##### Excerpted records #####

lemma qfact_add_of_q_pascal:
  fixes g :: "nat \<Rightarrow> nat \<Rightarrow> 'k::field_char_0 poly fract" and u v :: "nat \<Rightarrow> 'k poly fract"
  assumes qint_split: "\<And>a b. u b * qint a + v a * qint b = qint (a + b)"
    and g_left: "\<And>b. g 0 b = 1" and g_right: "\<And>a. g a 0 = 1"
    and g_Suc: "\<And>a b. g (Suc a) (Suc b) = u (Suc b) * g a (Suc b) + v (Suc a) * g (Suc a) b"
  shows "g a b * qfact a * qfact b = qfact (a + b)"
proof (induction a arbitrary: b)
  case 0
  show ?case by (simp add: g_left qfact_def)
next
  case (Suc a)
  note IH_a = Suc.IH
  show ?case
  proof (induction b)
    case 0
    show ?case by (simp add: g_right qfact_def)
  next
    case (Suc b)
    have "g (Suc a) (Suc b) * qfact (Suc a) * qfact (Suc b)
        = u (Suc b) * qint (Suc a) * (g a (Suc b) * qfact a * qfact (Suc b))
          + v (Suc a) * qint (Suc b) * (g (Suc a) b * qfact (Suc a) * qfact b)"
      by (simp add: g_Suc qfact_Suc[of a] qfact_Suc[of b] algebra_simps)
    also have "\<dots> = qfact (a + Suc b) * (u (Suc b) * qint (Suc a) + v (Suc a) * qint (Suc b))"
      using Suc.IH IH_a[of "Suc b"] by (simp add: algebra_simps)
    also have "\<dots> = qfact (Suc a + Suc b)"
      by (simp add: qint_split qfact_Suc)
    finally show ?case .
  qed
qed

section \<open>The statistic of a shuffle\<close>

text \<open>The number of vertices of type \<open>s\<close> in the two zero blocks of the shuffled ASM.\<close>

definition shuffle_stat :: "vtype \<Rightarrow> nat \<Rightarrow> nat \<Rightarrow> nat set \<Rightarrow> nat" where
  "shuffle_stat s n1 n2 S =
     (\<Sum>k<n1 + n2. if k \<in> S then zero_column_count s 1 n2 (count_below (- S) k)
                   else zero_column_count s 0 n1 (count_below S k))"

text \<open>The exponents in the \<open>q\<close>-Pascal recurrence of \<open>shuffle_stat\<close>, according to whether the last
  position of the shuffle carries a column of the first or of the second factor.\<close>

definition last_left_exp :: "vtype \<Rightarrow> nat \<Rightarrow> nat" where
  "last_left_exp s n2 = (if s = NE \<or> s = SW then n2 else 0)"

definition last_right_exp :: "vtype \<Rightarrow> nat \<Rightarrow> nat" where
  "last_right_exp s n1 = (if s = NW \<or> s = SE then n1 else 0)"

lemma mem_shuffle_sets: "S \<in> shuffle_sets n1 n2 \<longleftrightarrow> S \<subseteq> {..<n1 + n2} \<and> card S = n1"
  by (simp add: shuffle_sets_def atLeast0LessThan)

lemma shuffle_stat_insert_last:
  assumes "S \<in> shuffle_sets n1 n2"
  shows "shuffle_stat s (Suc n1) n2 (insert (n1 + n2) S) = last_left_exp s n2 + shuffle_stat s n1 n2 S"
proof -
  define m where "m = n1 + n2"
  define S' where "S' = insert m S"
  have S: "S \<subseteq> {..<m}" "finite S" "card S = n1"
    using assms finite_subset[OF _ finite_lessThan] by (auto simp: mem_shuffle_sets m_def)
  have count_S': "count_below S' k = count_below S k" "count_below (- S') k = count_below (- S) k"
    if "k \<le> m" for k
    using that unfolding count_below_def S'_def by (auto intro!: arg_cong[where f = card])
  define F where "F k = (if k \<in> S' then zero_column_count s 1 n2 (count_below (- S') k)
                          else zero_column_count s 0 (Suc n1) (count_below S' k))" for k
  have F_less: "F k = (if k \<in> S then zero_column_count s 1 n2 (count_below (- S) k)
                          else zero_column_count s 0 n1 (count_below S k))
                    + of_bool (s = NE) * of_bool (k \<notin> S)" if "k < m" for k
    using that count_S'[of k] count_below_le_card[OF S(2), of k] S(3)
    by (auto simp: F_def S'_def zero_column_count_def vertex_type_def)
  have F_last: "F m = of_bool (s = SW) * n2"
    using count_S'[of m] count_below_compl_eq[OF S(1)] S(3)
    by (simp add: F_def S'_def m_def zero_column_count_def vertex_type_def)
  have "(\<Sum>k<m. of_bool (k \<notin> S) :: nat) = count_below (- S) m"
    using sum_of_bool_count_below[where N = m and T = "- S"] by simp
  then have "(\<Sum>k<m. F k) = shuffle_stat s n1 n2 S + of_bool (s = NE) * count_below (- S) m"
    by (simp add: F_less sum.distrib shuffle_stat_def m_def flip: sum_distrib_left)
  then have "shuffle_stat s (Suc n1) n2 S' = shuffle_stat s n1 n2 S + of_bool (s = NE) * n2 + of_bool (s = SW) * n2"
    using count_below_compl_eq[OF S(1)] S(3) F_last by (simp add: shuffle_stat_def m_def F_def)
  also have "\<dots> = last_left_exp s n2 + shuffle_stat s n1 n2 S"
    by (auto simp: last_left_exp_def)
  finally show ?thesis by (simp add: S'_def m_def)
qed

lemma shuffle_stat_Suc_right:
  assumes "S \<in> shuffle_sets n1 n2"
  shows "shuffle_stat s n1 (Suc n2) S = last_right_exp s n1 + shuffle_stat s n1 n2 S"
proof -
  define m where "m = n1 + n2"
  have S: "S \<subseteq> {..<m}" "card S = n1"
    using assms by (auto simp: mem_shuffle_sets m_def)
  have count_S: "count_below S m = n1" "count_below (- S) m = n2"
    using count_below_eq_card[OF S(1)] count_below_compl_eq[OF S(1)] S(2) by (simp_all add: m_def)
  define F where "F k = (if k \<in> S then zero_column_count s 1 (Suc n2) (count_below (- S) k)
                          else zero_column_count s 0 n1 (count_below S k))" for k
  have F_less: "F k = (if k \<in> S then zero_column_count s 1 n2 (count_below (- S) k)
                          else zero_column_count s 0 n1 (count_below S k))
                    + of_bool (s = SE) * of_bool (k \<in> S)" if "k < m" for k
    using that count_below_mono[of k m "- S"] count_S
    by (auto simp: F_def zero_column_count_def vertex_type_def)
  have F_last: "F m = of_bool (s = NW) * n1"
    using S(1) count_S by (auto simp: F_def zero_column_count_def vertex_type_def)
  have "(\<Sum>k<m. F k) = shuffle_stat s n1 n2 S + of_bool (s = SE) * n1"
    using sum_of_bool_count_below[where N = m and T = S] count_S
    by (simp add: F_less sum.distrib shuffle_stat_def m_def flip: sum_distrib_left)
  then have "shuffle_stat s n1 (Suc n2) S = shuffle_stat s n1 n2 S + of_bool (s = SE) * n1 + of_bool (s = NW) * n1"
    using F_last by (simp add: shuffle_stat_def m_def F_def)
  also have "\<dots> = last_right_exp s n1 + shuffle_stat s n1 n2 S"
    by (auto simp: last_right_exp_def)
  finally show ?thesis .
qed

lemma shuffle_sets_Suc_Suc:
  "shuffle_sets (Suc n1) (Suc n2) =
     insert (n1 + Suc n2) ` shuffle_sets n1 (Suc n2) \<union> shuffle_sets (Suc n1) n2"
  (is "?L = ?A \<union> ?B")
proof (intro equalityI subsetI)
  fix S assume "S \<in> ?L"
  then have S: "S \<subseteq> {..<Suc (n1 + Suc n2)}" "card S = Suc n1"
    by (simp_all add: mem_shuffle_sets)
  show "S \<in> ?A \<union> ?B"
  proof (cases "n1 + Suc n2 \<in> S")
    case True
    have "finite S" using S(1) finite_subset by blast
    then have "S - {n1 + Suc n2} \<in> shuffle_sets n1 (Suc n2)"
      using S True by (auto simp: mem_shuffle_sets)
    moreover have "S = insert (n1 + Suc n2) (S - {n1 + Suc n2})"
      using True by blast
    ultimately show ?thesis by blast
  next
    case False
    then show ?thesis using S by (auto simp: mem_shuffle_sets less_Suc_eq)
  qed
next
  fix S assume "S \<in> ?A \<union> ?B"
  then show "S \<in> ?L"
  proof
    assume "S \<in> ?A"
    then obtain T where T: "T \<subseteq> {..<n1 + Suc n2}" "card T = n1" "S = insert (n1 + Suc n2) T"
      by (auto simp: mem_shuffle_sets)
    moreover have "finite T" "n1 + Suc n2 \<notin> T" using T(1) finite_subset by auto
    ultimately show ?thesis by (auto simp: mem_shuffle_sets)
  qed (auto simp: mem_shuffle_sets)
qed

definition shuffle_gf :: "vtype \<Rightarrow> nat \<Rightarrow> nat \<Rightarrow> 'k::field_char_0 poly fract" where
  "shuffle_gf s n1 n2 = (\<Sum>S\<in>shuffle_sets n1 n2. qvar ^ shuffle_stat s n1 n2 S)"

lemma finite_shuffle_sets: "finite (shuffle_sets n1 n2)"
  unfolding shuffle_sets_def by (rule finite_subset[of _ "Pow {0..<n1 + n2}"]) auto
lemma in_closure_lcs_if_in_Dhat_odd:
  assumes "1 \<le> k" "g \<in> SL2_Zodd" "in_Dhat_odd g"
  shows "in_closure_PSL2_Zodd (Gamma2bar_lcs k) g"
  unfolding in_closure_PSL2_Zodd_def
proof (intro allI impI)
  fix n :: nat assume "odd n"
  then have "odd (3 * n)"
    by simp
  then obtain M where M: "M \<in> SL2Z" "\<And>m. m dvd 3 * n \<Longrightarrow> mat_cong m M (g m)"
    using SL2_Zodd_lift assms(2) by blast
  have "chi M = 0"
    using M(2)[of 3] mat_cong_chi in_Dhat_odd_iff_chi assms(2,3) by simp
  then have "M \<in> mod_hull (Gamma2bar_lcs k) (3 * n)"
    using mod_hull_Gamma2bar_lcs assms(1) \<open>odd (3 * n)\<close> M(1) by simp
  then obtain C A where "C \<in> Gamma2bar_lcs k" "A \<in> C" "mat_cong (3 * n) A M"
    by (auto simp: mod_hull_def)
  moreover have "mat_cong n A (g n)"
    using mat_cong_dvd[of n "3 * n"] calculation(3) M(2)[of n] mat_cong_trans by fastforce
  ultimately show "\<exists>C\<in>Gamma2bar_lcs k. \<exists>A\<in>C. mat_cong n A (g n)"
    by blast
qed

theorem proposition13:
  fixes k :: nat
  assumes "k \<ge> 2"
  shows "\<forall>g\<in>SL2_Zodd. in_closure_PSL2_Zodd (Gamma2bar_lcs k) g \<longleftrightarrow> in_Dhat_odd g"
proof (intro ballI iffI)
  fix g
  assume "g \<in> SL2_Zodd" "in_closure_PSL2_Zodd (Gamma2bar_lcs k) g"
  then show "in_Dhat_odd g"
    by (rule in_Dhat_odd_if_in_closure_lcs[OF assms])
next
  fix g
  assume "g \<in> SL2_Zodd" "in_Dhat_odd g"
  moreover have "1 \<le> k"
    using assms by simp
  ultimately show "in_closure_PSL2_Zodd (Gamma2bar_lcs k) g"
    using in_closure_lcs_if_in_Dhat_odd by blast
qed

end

#####

Quote the data above from the line containing "S' = shuffle_stat" to the line containing "using count_below_compl_eq[OF S(1)]", inclusive, and stop.

  then have "shuffle_stat s (Suc n1) n2 S' = shuffle_stat s n1 n2 S + of_bool (s = NE) * n2 + of_bool (s = SW) * n2"
    using count_below_compl_eq[OF S(1)] S(3) F_last by (simp add: shuffle_stat_def m_def F_def)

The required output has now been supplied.